Ja, die Devise vieler Eltern: Die Kinder sollen es besser haben, als wir - und sie möchten auch Stolz sagen können: Mein Sohn, meine Tochter sind "Dokter", wenn diese dann auch weniger verdienen als mancher Handwerker.
"Ironischerweise ist man fast noch zu jung, sobald man sich für eine Oberschule, eine Lehre, ....entscheiden muss." Bußhoff, ein Professor eine spezifischen Fachhochschule hat die von Ihm so genannte Berufswahlkompetenz erforscht. Das Ergebnis war: je nach eigenem Entwicklungsstadium wird diese zwischen 14 und 18 Jahren erreicht. Das war von 30 Jahren. Heute könnte man die Spannbreite nach oben erweitern. Das sich diese Berufswahlreife aber nicht automatisch mit dem Älter-werden ergibt, hat Egloff, ein Schweizer Berufsberater und Psychologe ein komplexes pädagogisches und kooperatives Modell entwickelt, dazu Materialien für Schüler, Lehrpersonen, Berufsberater sowie Berufsleute entwickelt.

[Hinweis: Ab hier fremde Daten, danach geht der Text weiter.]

(* If there exists a continuum that is not coastal, then there exists a continuum $Y$ and a null-aposyndetic point $y\in Y$ such that $Y$ is not coastal at $y$.
   Context: A continuum is a nondegenerate compact connected Hausdorff space. $\kappa(x;p)$ denotes the union of all subcontinua $M\neq X$ of $X$ with $x\in M$ and $p\notin M$. $X$ is coastal at $x$ if $\kappa(x;p)$ is dense in $X$ for some $p\neq x$, and coastal if it is coastal at every point. A point $x\in X$ is null-aposyndetic if no proper subcontinuum of $X$ contains $x$ in its interior. *)

theory Defs
  imports "HOL-Analysis.Analysis"
begin

definition continuum :: "'a topology \<Rightarrow> bool" where
  "continuum X \<longleftrightarrow> compact_space X \<and> connected_space X \<and> Hausdorff_space X
     \<and> (\<exists>x\<in>topspace X. \<exists>y\<in>topspace X. x \<noteq> y)"

text \<open>A subcontinuum of X: a nonempty compact connected subset (degenerate ones allowed).\<close>
definition subcontinuum :: "'a topology \<Rightarrow> 'a set \<Rightarrow> bool" where
  "subcontinuum X M \<longleftrightarrow> M \<noteq> {} \<and> compactin X M \<and> connectedin X M"

definition kappa :: "'a topology \<Rightarrow> 'a \<Rightarrow> 'a \<Rightarrow> 'a set" where
  "kappa X x p = \<Union>{M. subcontinuum X M \<and> M \<noteq> topspace X \<and> x \<in> M \<and> p \<notin> M}"

definition coastal_at :: "'a topology \<Rightarrow> 'a \<Rightarrow> bool" where
  "coastal_at X x \<longleftrightarrow> (\<exists>p\<in>topspace X. p \<noteq> x \<and> X closure_of (kappa X x p) = topspace X)"

definition coastal :: "'a topology \<Rightarrow> bool" where
  "coastal X \<longleftrightarrow> (\<forall>x\<in>topspace X. coastal_at X x)"

definition null_aposyndetic :: "'a topology \<Rightarrow> 'a \<Rightarrow> bool" where
  "null_aposyndetic X x \<longleftrightarrow> x \<in> topspace X \<and>
     \<not> (\<exists>M. subcontinuum X M \<and> M \<noteq> topspace X \<and> x \<in> X interior_of M)"

end

theory Submission
  imports Defs
begin

text \<open>Let X be non-coastal at x. Order the proper subcontinua of X through x by
  N \<sqsubseteq> N' iff N = N' or N \<subseteq> int N'. Along a chain without a largest element the
  interiors cover the union, so by compactness the union misses some point p; it then lies in
  \<kappa>(x;p), whose closure is proper, and the closure of the union bounds the chain. Zorn's lemma
  yields a proper subcontinuum M \<ni> x lying in the interior of no proper subcontinuum.
  Collapsing M to a point gives a continuum Y in which subcontinua lift to subcontinua by taking
  preimages, since the quotient map is closed and monotone. Hence the point M of Y is
  null-aposyndetic, and Y is not coastal at M because \<kappa>(M;{p}) computed in Y lies in the image of
  \<kappa>(x;p), which is not dense.\<close>

section \<open>Quotient topologies\<close>

definition quotient_topology :: "'a topology \<Rightarrow> ('a \<Rightarrow> 'b) \<Rightarrow> 'b topology" where
  "quotient_topology X f =
     topology (\<lambda>U. U \<subseteq> f ` topspace X \<and> openin X {x \<in> topspace X. f x \<in> U})"

lemma istopology_quotient_topology:
  "istopology (\<lambda>U. U \<subseteq> f ` topspace X \<and> openin X {x \<in> topspace X. f x \<in> U})"
proof -
  have "{x \<in> topspace X. f x \<in> S \<inter> T} = {x \<in> topspace X. f x \<in> S} \<inter> {x \<in> topspace X. f x \<in> T}"
    for S T by blast
  moreover have "{x \<in> topspace X. f x \<in> \<Union>\<K>} = (\<Union>S\<in>\<K>. {x \<in> topspace X. f x \<in> S})" for \<K>
    by blast
  ultimately show ?thesis
    unfolding istopology_def by auto
qed

lemma openin_quotient_topology:
  "openin (quotient_topology X f) U \<longleftrightarrow>
     U \<subseteq> f ` topspace X \<and> openin X {x \<in> topspace X. f x \<in> U}"
  unfolding quotient_topology_def topology_inverse'[OF istopology_quotient_topology] ..

lemma topspace_quotient_topology: "topspace (quotient_topology X f) = f ` topspace X"
proof -
  have "{x \<in> topspace X. f x \<in> f ` topspace X} = topspace X"
    by blast
  then have "openin (quotient_topology X f) (f ` topspace X)"
    by (simp add: openin_quotient_topology)
  then have "f ` topspace X \<subseteq> topspace (quotient_topology X f)"
    by (rule openin_subset)
  moreover have "topspace (quotient_topology X f) \<subseteq> f ` topspace X"
    using openin_quotient_topology[THEN iffD1, OF openin_topspace] by (rule conjunct1)
  ultimately show ?thesis
    by (rule subset_antisym[rotated])
qed

lemma quotient_map_quotient_topology: "quotient_map X (quotient_topology X f) f"
  unfolding quotient_map_def topspace_quotient_topology openin_quotient_topology by simp

section \<open>Collapsing a subcontinuum to a point\<close>

definition collapse :: "'a set \<Rightarrow> 'a \<Rightarrow> 'a set" where
  "collapse M x = (if x \<in> M then M else {x})"

lemma fibre_collapse:
  "\<lbrakk>M \<subseteq> topspace X; x \<in> topspace X\<rbrakk> \<Longrightarrow> {y \<in> topspace X. collapse M y = collapse M x} = collapse M x"
  unfolding collapse_def by auto

lemma monotone_map_collapse:
  assumes "connectedin X M"
  shows "monotone_map X (quotient_topology X (collapse M)) (collapse M)"
proof -
  have "connectedin X {y \<in> topspace X. collapse M y = collapse M x}" if x: "x \<in> topspace X" for x
  proof -
    have "connectedin X (collapse M x)"
      using assms x by (simp add: collapse_def connectedin_sing)
    then show ?thesis
      using fibre_collapse[OF connectedin_subset_topspace[OF assms] x] by simp
  qed
  then show ?thesis
    unfolding monotone_map_def topspace_quotient_topology by blast
qed

lemma closed_map_collapse:
  assumes "closedin X M"
  shows "closed_map X (quotient_topology X (collapse M)) (collapse M)"
  unfolding closed_map_def
proof (intro allI impI)
  fix C assume C: "closedin X C"
  have "{x \<in> topspace X. collapse M x \<in> collapse M ` C} = C \<union> (if C \<inter> M = {} then {} else M)"
    using closedin_subset[OF C] closedin_subset[OF assms] by (auto simp: collapse_def image_iff)
  moreover have "closedin X (C \<union> (if C \<inter> M = {} then {} else M))"
    using C assms by (simp add: closedin_Un)
  ultimately have "closedin X {x \<in> topspace X. collapse M x \<in> collapse M ` C}"
    by simp
  moreover have "collapse M ` C \<subseteq> topspace (quotient_topology X (collapse M))"
    using closedin_subset[OF C] by (auto simp: topspace_quotient_topology)
  moreover have "\<forall>U. U \<subseteq> topspace (quotient_topology X (collapse M)) \<longrightarrow>
      (closedin X {x \<in> topspace X. collapse M x \<in> U} \<longleftrightarrow> closedin (quotient_topology X (collapse M)) U)"
    using quotient_map_quotient_topology[of X "collapse M"] unfolding quotient_map_closedin by (rule conjunct2)
  ultimately show "closedin (quotient_topology X (collapse M)) (collapse M ` C)"
    by blast
qed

Dieses hat man versucht, auch bei uns einzuführen. Nach anfänglicher Begeisterung - mindestens einiger an diesem Entwicklungs- und Lernprozess Beteiligter - ist es, so glaube ich, inzwischen ziemlich versandet. Die Wirtschaft und Berufsverbände machen anstatt konkreter und anschaulicher Berufsinformation aufgestylte Werbeveranstaltungen.